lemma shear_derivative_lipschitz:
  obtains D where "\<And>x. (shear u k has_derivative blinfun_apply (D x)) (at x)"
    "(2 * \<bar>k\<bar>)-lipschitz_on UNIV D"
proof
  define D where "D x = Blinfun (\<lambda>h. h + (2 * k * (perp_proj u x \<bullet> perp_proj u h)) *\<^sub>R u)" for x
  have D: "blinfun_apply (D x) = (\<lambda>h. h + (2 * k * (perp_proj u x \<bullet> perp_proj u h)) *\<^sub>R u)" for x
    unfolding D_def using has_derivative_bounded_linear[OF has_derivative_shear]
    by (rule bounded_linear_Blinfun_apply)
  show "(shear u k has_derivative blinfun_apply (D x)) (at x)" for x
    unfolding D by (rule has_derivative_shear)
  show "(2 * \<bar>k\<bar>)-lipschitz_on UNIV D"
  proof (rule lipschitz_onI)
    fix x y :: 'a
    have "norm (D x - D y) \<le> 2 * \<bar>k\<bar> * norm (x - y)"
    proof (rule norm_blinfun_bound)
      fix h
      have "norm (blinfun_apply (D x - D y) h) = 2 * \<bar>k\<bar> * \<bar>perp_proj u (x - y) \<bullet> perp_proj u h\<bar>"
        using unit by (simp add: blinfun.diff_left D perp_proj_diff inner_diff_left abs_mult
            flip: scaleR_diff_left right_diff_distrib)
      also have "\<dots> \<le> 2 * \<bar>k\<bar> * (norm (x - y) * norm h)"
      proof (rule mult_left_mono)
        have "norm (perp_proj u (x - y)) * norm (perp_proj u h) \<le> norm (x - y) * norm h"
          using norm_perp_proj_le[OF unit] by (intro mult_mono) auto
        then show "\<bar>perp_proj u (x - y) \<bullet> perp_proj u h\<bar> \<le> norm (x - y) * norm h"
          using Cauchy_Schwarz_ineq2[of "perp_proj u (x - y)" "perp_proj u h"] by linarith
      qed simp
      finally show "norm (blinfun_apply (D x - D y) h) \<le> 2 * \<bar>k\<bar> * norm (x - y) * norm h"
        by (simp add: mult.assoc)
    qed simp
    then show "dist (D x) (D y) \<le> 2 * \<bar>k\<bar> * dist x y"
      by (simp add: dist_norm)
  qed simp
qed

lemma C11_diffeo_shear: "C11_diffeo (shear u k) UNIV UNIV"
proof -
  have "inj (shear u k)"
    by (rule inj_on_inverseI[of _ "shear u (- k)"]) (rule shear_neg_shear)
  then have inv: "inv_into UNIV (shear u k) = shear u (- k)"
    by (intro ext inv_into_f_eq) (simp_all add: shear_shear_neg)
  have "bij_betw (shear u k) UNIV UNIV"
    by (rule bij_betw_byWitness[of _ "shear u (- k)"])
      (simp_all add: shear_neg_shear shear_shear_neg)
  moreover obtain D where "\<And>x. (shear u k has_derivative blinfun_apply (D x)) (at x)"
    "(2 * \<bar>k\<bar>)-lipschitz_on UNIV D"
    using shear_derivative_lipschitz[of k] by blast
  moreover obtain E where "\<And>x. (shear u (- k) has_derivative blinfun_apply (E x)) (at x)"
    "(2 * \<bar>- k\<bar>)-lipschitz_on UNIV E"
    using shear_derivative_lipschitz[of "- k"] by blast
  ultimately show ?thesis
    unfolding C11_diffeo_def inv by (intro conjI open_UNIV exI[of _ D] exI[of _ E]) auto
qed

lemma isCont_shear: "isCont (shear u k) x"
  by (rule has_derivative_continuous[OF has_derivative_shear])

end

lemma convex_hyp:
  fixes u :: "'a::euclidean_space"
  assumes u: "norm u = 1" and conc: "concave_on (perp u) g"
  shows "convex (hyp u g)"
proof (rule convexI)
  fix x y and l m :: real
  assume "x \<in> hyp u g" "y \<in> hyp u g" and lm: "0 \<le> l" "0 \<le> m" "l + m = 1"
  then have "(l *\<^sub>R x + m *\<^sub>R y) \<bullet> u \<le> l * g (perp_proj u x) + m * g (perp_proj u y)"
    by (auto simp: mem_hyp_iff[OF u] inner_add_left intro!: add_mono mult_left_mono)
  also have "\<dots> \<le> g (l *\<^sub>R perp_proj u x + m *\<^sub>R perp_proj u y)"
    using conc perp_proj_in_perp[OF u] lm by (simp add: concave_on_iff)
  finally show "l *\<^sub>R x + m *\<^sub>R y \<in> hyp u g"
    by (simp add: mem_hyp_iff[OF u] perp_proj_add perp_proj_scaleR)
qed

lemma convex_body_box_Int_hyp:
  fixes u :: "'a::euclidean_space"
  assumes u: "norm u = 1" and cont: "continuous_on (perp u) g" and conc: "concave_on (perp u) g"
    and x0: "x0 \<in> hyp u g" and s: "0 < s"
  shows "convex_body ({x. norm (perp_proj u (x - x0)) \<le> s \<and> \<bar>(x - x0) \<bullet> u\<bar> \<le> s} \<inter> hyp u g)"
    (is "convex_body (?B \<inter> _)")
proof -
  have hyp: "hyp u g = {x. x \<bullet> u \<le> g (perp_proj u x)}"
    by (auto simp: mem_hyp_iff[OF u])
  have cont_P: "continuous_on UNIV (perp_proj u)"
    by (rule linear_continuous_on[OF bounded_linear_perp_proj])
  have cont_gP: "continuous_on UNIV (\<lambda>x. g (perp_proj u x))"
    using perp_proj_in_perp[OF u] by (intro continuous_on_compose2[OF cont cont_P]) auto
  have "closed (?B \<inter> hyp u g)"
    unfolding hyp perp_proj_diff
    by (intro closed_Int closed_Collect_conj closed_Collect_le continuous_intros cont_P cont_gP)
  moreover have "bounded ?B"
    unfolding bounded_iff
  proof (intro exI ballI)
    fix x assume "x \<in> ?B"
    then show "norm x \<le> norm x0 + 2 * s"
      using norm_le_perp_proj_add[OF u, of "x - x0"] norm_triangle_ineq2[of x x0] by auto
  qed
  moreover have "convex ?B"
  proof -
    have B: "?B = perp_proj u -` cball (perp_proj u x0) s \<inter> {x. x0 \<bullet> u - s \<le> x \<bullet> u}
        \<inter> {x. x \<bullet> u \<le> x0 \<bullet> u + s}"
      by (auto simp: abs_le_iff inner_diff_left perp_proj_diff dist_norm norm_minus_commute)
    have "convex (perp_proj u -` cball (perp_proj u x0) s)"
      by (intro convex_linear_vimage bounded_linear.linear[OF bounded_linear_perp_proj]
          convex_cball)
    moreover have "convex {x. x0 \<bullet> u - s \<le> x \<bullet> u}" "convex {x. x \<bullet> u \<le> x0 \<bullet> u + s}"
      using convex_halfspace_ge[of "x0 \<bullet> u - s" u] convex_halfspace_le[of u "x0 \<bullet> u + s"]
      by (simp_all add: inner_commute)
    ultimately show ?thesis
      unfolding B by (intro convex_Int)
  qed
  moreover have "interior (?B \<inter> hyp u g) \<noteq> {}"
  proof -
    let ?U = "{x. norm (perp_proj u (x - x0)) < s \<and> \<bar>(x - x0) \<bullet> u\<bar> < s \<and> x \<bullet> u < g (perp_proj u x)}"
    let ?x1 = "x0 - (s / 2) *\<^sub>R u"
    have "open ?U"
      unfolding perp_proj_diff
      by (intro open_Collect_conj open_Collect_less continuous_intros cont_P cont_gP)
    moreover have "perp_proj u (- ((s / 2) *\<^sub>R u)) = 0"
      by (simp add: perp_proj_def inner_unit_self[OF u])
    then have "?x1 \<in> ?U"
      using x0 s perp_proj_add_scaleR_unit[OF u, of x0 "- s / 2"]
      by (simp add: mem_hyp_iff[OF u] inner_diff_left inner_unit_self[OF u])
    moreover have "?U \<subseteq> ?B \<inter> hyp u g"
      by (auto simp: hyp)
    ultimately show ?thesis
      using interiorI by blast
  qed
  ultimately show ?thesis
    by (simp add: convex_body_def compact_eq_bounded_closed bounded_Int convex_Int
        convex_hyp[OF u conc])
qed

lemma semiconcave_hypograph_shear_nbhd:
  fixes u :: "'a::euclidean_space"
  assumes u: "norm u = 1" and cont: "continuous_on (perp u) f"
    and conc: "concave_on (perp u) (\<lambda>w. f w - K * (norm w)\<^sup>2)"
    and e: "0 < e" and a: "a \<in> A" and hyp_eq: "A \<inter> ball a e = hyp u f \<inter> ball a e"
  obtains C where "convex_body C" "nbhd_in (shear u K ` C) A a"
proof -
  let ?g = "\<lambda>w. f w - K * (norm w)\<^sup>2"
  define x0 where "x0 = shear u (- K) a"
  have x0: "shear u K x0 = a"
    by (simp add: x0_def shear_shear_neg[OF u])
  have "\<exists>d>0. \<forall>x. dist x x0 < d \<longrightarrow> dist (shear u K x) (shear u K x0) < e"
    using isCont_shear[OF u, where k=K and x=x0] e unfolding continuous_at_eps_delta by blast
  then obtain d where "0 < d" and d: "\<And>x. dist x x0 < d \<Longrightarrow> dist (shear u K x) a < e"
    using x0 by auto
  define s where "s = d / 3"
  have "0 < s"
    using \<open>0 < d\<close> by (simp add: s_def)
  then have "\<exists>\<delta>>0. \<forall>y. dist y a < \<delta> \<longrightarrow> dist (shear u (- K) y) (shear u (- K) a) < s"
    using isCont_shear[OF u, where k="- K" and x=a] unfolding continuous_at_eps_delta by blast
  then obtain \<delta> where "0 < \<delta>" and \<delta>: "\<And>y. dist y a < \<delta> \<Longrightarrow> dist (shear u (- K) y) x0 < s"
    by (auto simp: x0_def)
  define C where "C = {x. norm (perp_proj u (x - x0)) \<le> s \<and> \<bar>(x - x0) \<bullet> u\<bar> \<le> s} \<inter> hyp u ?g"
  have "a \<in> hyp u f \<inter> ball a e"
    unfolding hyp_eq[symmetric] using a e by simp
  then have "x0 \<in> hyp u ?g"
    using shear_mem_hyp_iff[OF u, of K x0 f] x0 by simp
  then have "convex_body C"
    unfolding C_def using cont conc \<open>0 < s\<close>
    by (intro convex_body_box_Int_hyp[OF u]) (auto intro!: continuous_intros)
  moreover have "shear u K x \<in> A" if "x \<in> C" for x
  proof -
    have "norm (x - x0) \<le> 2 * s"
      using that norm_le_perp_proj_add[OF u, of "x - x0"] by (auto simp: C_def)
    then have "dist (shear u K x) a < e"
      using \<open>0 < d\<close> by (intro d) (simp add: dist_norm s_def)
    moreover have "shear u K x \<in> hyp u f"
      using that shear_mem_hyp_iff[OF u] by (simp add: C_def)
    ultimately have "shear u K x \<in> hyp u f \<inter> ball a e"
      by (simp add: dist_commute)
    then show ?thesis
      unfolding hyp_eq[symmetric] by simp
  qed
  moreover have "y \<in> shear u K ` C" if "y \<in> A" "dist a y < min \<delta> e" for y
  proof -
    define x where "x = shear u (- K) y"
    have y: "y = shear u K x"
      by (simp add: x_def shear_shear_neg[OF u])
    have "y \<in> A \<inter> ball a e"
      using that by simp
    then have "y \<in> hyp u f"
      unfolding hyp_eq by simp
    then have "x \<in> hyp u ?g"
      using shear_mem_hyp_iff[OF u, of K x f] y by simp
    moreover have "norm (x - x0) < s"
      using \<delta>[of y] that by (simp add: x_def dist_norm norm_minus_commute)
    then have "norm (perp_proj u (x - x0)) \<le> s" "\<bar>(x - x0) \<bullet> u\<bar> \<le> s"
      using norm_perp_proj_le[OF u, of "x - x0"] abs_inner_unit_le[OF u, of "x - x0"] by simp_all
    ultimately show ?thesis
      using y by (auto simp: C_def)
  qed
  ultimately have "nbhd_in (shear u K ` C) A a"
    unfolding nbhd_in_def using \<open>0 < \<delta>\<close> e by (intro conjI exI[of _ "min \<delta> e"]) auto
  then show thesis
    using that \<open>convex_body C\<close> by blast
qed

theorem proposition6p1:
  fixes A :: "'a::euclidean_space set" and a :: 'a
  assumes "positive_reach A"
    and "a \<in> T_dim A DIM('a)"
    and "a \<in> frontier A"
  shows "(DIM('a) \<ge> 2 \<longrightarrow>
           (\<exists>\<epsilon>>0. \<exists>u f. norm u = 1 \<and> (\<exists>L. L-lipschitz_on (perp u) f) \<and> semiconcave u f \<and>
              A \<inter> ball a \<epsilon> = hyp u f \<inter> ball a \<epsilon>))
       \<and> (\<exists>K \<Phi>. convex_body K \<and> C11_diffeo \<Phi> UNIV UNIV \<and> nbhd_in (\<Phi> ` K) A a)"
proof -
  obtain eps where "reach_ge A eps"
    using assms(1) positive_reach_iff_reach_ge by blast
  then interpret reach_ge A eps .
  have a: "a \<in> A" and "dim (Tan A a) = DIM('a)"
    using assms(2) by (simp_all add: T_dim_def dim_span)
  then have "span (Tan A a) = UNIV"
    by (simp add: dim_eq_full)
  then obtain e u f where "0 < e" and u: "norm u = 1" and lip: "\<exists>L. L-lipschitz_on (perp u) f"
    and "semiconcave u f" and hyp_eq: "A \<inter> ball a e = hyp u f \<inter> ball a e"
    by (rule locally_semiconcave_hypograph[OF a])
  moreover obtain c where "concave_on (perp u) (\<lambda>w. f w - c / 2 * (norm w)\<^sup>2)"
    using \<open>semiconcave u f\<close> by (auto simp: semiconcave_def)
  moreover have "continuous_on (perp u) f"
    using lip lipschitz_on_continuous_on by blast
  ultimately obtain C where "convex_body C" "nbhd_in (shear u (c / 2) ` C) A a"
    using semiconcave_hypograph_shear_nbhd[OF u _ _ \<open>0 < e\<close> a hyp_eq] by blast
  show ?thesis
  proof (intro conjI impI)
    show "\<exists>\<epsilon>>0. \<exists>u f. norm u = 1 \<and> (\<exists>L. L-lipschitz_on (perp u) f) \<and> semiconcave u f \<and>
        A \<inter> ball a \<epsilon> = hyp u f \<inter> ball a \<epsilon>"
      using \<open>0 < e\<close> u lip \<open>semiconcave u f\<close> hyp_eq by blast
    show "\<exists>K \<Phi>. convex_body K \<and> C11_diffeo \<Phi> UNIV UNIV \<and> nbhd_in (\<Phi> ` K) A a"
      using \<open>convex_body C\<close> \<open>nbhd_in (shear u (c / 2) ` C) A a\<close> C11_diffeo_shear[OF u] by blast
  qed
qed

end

=-=-=

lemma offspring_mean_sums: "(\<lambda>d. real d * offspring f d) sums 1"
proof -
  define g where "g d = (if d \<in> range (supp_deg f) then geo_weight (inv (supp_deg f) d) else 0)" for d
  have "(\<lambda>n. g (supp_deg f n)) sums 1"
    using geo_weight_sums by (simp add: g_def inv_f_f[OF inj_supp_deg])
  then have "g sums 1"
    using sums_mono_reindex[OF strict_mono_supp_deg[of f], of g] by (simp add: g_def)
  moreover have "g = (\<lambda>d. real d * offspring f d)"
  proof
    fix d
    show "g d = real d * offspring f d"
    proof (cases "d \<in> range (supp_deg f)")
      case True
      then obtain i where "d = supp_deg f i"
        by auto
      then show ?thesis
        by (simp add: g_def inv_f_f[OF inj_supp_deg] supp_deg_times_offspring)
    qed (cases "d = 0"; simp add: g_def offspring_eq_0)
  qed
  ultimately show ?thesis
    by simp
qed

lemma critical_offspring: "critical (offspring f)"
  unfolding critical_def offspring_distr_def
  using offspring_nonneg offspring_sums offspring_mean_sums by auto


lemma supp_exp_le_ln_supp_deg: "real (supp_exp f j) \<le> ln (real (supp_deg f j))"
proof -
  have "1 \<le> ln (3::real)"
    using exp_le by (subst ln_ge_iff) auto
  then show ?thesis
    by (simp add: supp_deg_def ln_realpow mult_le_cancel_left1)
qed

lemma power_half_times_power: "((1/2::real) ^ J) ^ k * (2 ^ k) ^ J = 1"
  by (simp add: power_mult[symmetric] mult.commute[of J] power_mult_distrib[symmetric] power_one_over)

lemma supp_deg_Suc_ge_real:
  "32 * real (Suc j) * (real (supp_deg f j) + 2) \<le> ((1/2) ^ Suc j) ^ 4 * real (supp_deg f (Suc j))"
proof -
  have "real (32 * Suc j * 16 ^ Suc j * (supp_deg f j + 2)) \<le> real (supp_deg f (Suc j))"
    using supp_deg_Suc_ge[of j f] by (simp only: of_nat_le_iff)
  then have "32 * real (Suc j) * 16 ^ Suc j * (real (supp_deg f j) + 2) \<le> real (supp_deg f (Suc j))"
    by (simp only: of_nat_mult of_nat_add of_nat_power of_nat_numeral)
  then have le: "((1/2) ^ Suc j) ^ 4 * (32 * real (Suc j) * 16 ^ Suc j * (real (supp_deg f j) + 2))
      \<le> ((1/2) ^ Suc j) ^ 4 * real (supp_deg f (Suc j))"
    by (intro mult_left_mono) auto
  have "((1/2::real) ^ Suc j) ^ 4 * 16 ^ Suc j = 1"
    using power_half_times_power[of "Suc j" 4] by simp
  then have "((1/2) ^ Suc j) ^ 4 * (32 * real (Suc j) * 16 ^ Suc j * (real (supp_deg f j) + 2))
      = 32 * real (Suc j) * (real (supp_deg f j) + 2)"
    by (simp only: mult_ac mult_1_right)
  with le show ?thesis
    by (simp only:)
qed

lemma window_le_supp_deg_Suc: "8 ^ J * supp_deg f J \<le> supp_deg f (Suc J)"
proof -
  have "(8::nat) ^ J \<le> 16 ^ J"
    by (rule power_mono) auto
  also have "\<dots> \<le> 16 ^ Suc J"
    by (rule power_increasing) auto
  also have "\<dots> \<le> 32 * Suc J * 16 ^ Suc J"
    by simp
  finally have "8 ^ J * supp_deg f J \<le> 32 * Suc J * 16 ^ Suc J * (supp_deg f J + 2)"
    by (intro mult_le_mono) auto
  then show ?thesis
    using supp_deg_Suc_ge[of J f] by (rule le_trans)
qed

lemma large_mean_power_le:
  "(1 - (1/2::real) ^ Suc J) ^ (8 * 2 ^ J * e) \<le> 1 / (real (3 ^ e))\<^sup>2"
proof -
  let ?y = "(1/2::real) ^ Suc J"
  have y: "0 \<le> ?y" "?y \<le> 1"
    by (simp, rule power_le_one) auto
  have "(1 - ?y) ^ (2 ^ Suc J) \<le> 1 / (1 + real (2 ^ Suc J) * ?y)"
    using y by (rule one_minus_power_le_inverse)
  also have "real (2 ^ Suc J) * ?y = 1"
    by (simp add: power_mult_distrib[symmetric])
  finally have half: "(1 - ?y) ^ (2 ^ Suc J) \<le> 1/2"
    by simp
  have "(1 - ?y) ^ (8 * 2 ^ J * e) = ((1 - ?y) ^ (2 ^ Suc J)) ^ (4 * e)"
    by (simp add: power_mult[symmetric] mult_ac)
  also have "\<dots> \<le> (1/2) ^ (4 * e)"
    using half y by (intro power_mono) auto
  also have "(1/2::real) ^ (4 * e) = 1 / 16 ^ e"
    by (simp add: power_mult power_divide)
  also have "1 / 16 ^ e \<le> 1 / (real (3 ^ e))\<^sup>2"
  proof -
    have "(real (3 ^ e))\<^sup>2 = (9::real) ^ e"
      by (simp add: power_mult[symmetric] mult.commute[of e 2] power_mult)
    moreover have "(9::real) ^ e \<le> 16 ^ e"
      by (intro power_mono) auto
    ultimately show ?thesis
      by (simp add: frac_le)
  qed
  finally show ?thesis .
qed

=-=-=

__Assignment__: Line count for the word "blast": state how many lines of the listing hold it, and give only that number.

__Answer space__: 11